Types of change concept

When a line is added or deleted by a commit, the context of the change will be analysed so we can classify it in:

  • Code churn

    • Lines that were changed by the same dev multiple times in a very short period
    • Might indicate code that is unstable, buggy or that gets pushed to repo too soon, before minimum quality
  • Code help

    • Lines that were changed by a different dev multiple times in a very short period (<= 21 days)
    • Might indicate someone helping other devs to strive/meeting their goals by removing bugs, enhancing code from newly created features etc
  • Code refactor

    • Lines that were changed after a while (> 21 days)
    • Might indicate code that was improved because of tech debt resolutions, continuous improvement behaviours or hard to tackle bugs found after the code was being used for a while
  • New Code

    • New lines of code
    • Might indicate new features being added or spikes being made

See more info in this excelent article: https://www.hatica.io/blog/code-churn-rate/

gitwho duplicates

  • Shows duplicate lines found among all the files in the repo.
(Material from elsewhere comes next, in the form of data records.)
lemma shifted_quadratic_form_expand:
  fixes P B :: "real^'n^'n"
  assumes "transpose P = P" "transpose B = B"
  shows "(P *v x - x) \<bullet> (B *v (P *v x - x))
    = x \<bullet> ((P ** B ** P) *v x) - 2 * ((B *v x) \<bullet> (P *v x)) + x \<bullet> (B *v x)"
proof -
  have "x \<bullet> ((P ** B ** P) *v x) = (P *v x) \<bullet> (B *v (P *v x))"
    using inner_matrix_vector_symmetric[OF assms(1), of x "B *v (P *v x)"]
    by (simp add: matrix_vector_mul_assoc matrix_mul_assoc inner_commute)
  moreover have "(P *v x) \<bullet> (B *v x) = x \<bullet> (B *v (P *v x))"
    by (rule inner_matrix_vector_symmetric[OF assms(2)])
  ultimately show ?thesis
    by (simp add: matrix_vector_mult_diff_distrib inner_diff_left inner_diff_right inner_commute)
qed

lemma expectation_shifted_quadratic_form:
  fixes S :: "'a \<Rightarrow> real^'n^'n" and B :: "real^'n^'n"
  assumes P: "prob_space M" and iS: "integrable M S" and ES: "integral\<^sup>L M S = mat 1"
    and iSBS: "integrable M (\<lambda>\<omega>. S \<omega> ** B ** S \<omega>)"
    and symS: "AE \<omega> in M. transpose (S \<omega>) = S \<omega>" and symB: "transpose B = B"
  shows "integrable M (\<lambda>\<omega>. (S \<omega> *v x - x) \<bullet> (B *v (S \<omega> *v x - x)))"
    and "(\<integral>\<omega>. (S \<omega> *v x - x) \<bullet> (B *v (S \<omega> *v x - x)) \<partial>M)
      = x \<bullet> (integral\<^sup>L M (\<lambda>\<omega>. S \<omega> ** B ** S \<omega>) *v x) - x \<bullet> (B *v x)"
proof -
  define h where "h \<omega> = x \<bullet> ((S \<omega> ** B ** S \<omega>) *v x) - 2 * ((B *v x) \<bullet> (S \<omega> *v x)) + x \<bullet> (B *v x)"
    for \<omega>
  have ae: "AE \<omega> in M. (S \<omega> *v x - x) \<bullet> (B *v (S \<omega> *v x - x)) = h \<omega>"
    using symS by eventually_elim (simp add: h_def shifted_quadratic_form_expand symB)
  have const: "integrable M (\<lambda>_. c)" for c :: real
    using P by (simp add: prob_space.finite_measure finite_measure.integrable_const)
  have ih: "integrable M h"
    unfolding h_def using integrable_quadratic_form[OF iSBS] integrable_quadratic_form[OF iS] const
    by (intro Bochner_Integration.integrable_add Bochner_Integration.integrable_diff
        Bochner_Integration.integrable_mult_right) blast+
  have "continuous_on UNIV (\<lambda>Q::real^'n^'n. (Q *v x - x) \<bullet> (B *v (Q *v x - x)))"
    by (intro continuous_intros bounded_linear.continuous_on[OF bounded_linear_matrix_vector_mult_left]
        bounded_linear.continuous_on[OF matrix_vector_mul_bounded_linear])
  then have meas: "(\<lambda>\<omega>. (S \<omega> *v x - x) \<bullet> (B *v (S \<omega> *v x - x))) \<in> borel_measurable M"
    using measurable_compose[OF borel_measurable_integrable[OF iS] borel_measurable_continuous_onI]
    by (simp add: o_def)
  have ae': "AE \<omega> in M. h \<omega> = (S \<omega> *v x - x) \<bullet> (B *v (S \<omega> *v x - x))"
    using ae by (simp add: eq_commute)
  show "integrable M (\<lambda>\<omega>. (S \<omega> *v x - x) \<bullet> (B *v (S \<omega> *v x - x)))"
    by (rule integrable_cong_AE_imp[OF ih meas ae'])
  have "(\<integral>\<omega>. (S \<omega> *v x - x) \<bullet> (B *v (S \<omega> *v x - x)) \<partial>M) = integral\<^sup>L M h"
    by (rule integral_cong_AE[OF meas borel_measurable_integrable[OF ih] ae])
  also have "\<dots> = x \<bullet> (integral\<^sup>L M (\<lambda>\<omega>. S \<omega> ** B ** S \<omega>) *v x) - 2 * ((B *v x) \<bullet> (integral\<^sup>L M S *v x))
      + x \<bullet> (B *v x)"
    unfolding h_def using integrable_quadratic_form[OF iSBS] integrable_quadratic_form[OF iS] const
    by (simp add: integral_quadratic_form[OF iSBS] integral_quadratic_form[OF iS] prob_space.prob_space[OF P])
  finally show "(\<integral>\<omega>. (S \<omega> *v x - x) \<bullet> (B *v (S \<omega> *v x - x)) \<partial>M)
      = x \<bullet> (integral\<^sup>L M (\<lambda>\<omega>. S \<omega> ** B ** S \<omega>) *v x) - x \<bullet> (B *v x)"
    by (simp add: ES inner_commute)
qed

lemma expected_sandwich_quadratic_form_bounds:
  fixes S :: "'a \<Rightarrow> real^'n^'n" and A :: "real^'n^'n"
  assumes P: "prob_space M" and iS: "integrable M S" and ES: "integral\<^sup>L M S = mat 1"
    and iSS: "integrable M (\<lambda>\<omega>. S \<omega> ** S \<omega>)" and iSAS: "integrable M (\<lambda>\<omega>. S \<omega> ** A ** S \<omega>)"
    and symS: "AE \<omega> in M. transpose (S \<omega>) = S \<omega>"
    and A: "sym_psd A" and ray: "\<And>z. z \<bullet> (A *v z) \<le> \<mu> * (z \<bullet> z)"
  shows "0 \<le> x \<bullet> ((integral\<^sup>L M (\<lambda>\<omega>. S \<omega> ** A ** S \<omega>) - A) *v x)"
    and "x \<bullet> ((integral\<^sup>L M (\<lambda>\<omega>. S \<omega> ** A ** S \<omega>) - A) *v x)
      \<le> \<mu> * (x \<bullet> (integral\<^sup>L M (\<lambda>\<omega>. S \<omega> ** S \<omega>) *v x) - x \<bullet> x)"
proof -
  have symA: "transpose A = A" and psd: "\<And>z. 0 \<le> z \<bullet> (A *v z)" using A unfolding sym_psd_def by auto
  have iSIS: "integrable M (\<lambda>\<omega>. S \<omega> ** mat 1 ** S \<omega>)" using iSS by simp
  note eA = expectation_shifted_quadratic_form[OF P iS ES iSAS symS symA, of x]
  note eI = expectation_shifted_quadratic_form[OF P iS ES iSIS symS transpose_mat, of x]
  have "0 \<le> (\<integral>\<omega>. (S \<omega> *v x - x) \<bullet> (A *v (S \<omega> *v x - x)) \<partial>M)"
    using psd by (intro integral_nonneg_AE) auto
  then show "0 \<le> x \<bullet> ((integral\<^sup>L M (\<lambda>\<omega>. S \<omega> ** A ** S \<omega>) - A) *v x)"
    by (simp add: eA(2) matrix_vector_mult_diff_rdistrib inner_diff_right)
  have "(\<integral>\<omega>. (S \<omega> *v x - x) \<bullet> (A *v (S \<omega> *v x - x)) \<partial>M)
      \<le> (\<integral>\<omega>. \<mu> * ((S \<omega> *v x - x) \<bullet> (mat 1 *v (S \<omega> *v x - x))) \<partial>M)"
    using eA(1) eI(1) ray by (intro integral_mono) auto
  then show "x \<bullet> ((integral\<^sup>L M (\<lambda>\<omega>. S \<omega> ** A ** S \<omega>) - A) *v x)
      \<le> \<mu> * (x \<bullet> (integral\<^sup>L M (\<lambda>\<omega>. S \<omega> ** S \<omega>) *v x) - x \<bullet> x)"
    using eI(2) by (simp add: eA(2) matrix_vector_mult_diff_rdistrib inner_diff_right)
qed

lemma lambda_max_expected_sandwich_bounds:
  fixes S :: "'a \<Rightarrow> real^'n^'n" and A :: "real^'n^'n"
  assumes P: "prob_space M" and iS: "integrable M S" and ES: "integral\<^sup>L M S = mat 1"
    and sq: "\<And>i j. integrable M (\<lambda>\<omega>. (S \<omega> $ i $ j)\<^sup>2)"
    and symS: "AE \<omega> in M. transpose (S \<omega>) = S \<omega>" and A: "sym_psd A"
  shows "0 \<le> lambda_max (integral\<^sup>L M (\<lambda>\<omega>. S \<omega> ** A ** S \<omega>) - A)"
    and "lambda_max (integral\<^sup>L M (\<lambda>\<omega>. S \<omega> ** A ** S \<omega>) - A)
      \<le> lambda_max A * (lambda_max (integral\<^sup>L M (\<lambda>\<omega>. S \<omega> ** S \<omega>)) - 1)"
proof -
  have symA: "transpose A = A" using A unfolding sym_psd_def by blast
  have meas: "(\<lambda>\<omega>. S \<omega> $ i $ j) \<in> borel_measurable M" for i j
    using borel_measurable_integrable[OF integrable_bounded_linear[OF bounded_linear_matrix_entry iS]] .
  have iSBS: "integrable M (\<lambda>\<omega>. S \<omega> ** B ** S \<omega>)" for B
    by (rule integrable_matrix_sandwich[OF sq meas])
  have iSS: "integrable M (\<lambda>\<omega>. S \<omega> ** S \<omega>)" using iSBS[of "mat 1"] by simp
  have symE: "transpose (integral\<^sup>L M (\<lambda>\<omega>. S \<omega> ** B ** S \<omega>)) = integral\<^sup>L M (\<lambda>\<omega>. S \<omega> ** B ** S \<omega>)"
    if "transpose B = B" for B
    using symS that
    by (intro transpose_integral_symmetric[OF iSBS]) (auto elim!: eventually_mono simp: matrix_transpose_mul matrix_mul_assoc)
  have symK: "transpose (integral\<^sup>L M (\<lambda>\<omega>. S \<omega> ** A ** S \<omega>) - A)
      = integral\<^sup>L M (\<lambda>\<omega>. S \<omega> ** A ** S \<omega>) - A"
    using symE[OF symA] symA by (simp add: transpose_def vec_eq_iff)
  have symN: "transpose (integral\<^sup>L M (\<lambda>\<omega>. S \<omega> ** S \<omega>)) = integral\<^sup>L M (\<lambda>\<omega>. S \<omega> ** S \<omega>)"
    using symE[of "mat 1"] by simp
  have "0 \<le> lambda_max A"
    using A unfolding sym_psd_def by (blast intro: lambda_max_nonneg_of_quadratic_form_nonneg)
  note bounds = expected_sandwich_quadratic_form_bounds[OF P iS ES iSS iSBS symS A
      quadratic_form_le_lambda_max[OF symA]]
  show "0 \<le> lambda_max (integral\<^sup>L M (\<lambda>\<omega>. S \<omega> ** A ** S \<omega>) - A)"
    by (rule lambda_max_nonneg_of_quadratic_form_nonneg[OF symK bounds(1)])
  show "lambda_max (integral\<^sup>L M (\<lambda>\<omega>. S \<omega> ** A ** S \<omega>) - A)
      \<le> lambda_max A * (lambda_max (integral\<^sup>L M (\<lambda>\<omega>. S \<omega> ** S \<omega>)) - 1)"
    by (rule lambda_max_le_of_quadratic_form_le[OF symK symN \<open>0 \<le> lambda_max A\<close> bounds(2)])
qed

theorem corollary3:
  fixes M :: "'a measure"
    and S :: "'a \<Rightarrow> real^'d^'d"
    and L :: "real^'d^'d"
    and Ls :: "nat \<Rightarrow> real^'d^'d"
    and n :: nat and p :: real
  assumes "prob_space M"
    and "S \<in> borel_measurable M"
    and "AE \<omega> in M. sym_psd (S \<omega>)"
    and "integrable M S"
    and "integral\<^sup>L M S = mat 1"
    and "\<And>i j. integrable M (\<lambda>\<omega>. (S \<omega> $ i $ j)\<^sup>2)"
    and "n \<ge> 1"
    and "sym_pos_def L"
    and "\<And>i. i < n \<Longrightarrow> sym_pos_def (Ls i)"
    and "(1 / real n) * (\<Sum>i<n. lambda_max (matrix_inv L) * lambda_max (Ls i)
            * lambda_max (Ls i ** matrix_inv L)) = 1"
    and "0 < p" and "p \<le> 1"
  shows "let \<alpha> = (1 - p) / (real n * p);
             \<beta> = (1 / real n) * (\<Sum>i<n. lambda_max (Ls i) * lambda_max (matrix_inv L ** Ls i));
             om = lambda_max (integral\<^sup>L M (\<lambda>\<omega>. S \<omega> ** S \<omega>)) - 1;
             lam = lambda_max (integral\<^sup>L M (\<lambda>\<omega>. S \<omega> ** matrix_inv L ** S \<omega>) - matrix_inv L);
             D = (2 / (1 + sqrt (1 + 4 * \<alpha> * \<beta> * lam))) *\<^sub>R matrix_inv L
         in \<beta> * lam \<le> om \<and>
            1 / (det D powr (1 / real CARD('d)))
              \<le> lambda_max L * (1 + sqrt ((1 - p) * om / (p * real n)))"
proof -
  define A where "A = matrix_inv L"
  have pdA: "sym_pos_def A" unfolding A_def by (rule sym_pos_def_matrix_inv(3)[OF assms(8)])
  define \<beta> where "\<beta> = (1 / real n) * (\<Sum>i<n. lambda_max (Ls i) * lambda_max (A ** Ls i))"
  have \<beta>: "\<beta> = 1 / lambda_max A"
    unfolding \<beta>_def A_def by (rule mean_lambda_max_products_eq_inverse[OF assms(8,9,10)])
  have A_pos: "0 < lambda_max A" by (rule sym_pos_def_lambda_max_pos[OF pdA])
  define lam where "lam = lambda_max (integral\<^sup>L M (\<lambda>\<omega>. S \<omega> ** A ** S \<omega>) - A)"
  define om where "om = lambda_max (integral\<^sup>L M (\<lambda>\<omega>. S \<omega> ** S \<omega>)) - 1"
  have "AE \<omega> in M. transpose (S \<omega>) = S \<omega>" using assms(3) by eventually_elim (simp add: sym_psd_def)
  note lam = lambda_max_expected_sandwich_bounds[OF assms(1,4,5,6) this sym_pos_def_imp_sym_psd[OF pdA],
      folded lam_def om_def]
  have \<beta>lam: "\<beta> * lam \<le> om" using lam(2) A_pos by (simp add: \<beta> divide_le_eq mult.commute)
  define \<alpha> where "\<alpha> = (1 - p) / (real n * p)"
  have \<alpha>: "0 \<le> \<alpha>" unfolding \<alpha>_def using assms(7,11,12) by simp
  have "1 / det ((2 / (1 + sqrt (1 + 4 * \<alpha> * (\<beta> * lam)))) *\<^sub>R A) powr (1 / real CARD('d))
      \<le> lambda_max L * (1 + sqrt (\<alpha> * om))"
    unfolding A_def using \<beta> A_pos lam(1)
    by (intro inverse_det_root_scaled_matrix_inv_le[OF assms(8) \<alpha> _ \<beta>lam]) simp
  moreover have "\<alpha> * om = (1 - p) * om / (p * real n)" by (simp add: \<alpha>_def field_simps)
  ultimately show ?thesis
    using \<beta>lam unfolding Let_def A_def[symmetric] \<alpha>_def[symmetric] \<beta>_def[symmetric] lam_def[symmetric]
      om_def[symmetric] by (simp add: mult.assoc)
qed

end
You can tweak the search to only consider a certain line as "duplicate" if more than one line is in a group of duplications (defaults to 4 lines)
gitwho duplicates --help
Usage of ownership:
  -branch string
        Branch name to analyse (default "main")
  -files string
        Regex for selecting which file paths to include in analysis (default ".*")
  -files-not string
        Regex for filtering out files from analysis
  -format string
        Output format. 'full' (show all file refs found) or 'short' (show a limited number of file refs) (default "full")
  -profile-file string
        Profile file to dump golang runtime data to
  -repo string
        Repository path to analyse (default ".")
  -verbose
        Show verbose logs during processing (default true)
  -when string
        Date time to analyse (default "now")

General options

In general, the commands allows filtering by time (since, until, period etc), authors and files, so you can tweak the queries to focus on specific areas to create insights by your own.

More examples

  • Show simple list of authors with most lines of code in markdown pages

    • gitwho ownership --branch main --files .md --format short
  • Show ownership details of Golang source codes, excluding anything with "vendor" in its path as it was 1 year ago

    • gitwho ownership --branch master --files ".go$" --files-not "vendor" --when "1 year ago" --format full
  • Show the top authors that made changes to .ts files from 5 years ago to 3 years ago (during 2 years). It will display top coders, the ones with most new codes, most refactors and most churn

    • gitwho changes --branch main --files .ts --since "5 years ago" --until "3 years ago" --format short
  • Show list of files along with other files that have duplicate contents between them for Go files. Only consider a duplicate if there is more than 4 lines in a row that is similar between files.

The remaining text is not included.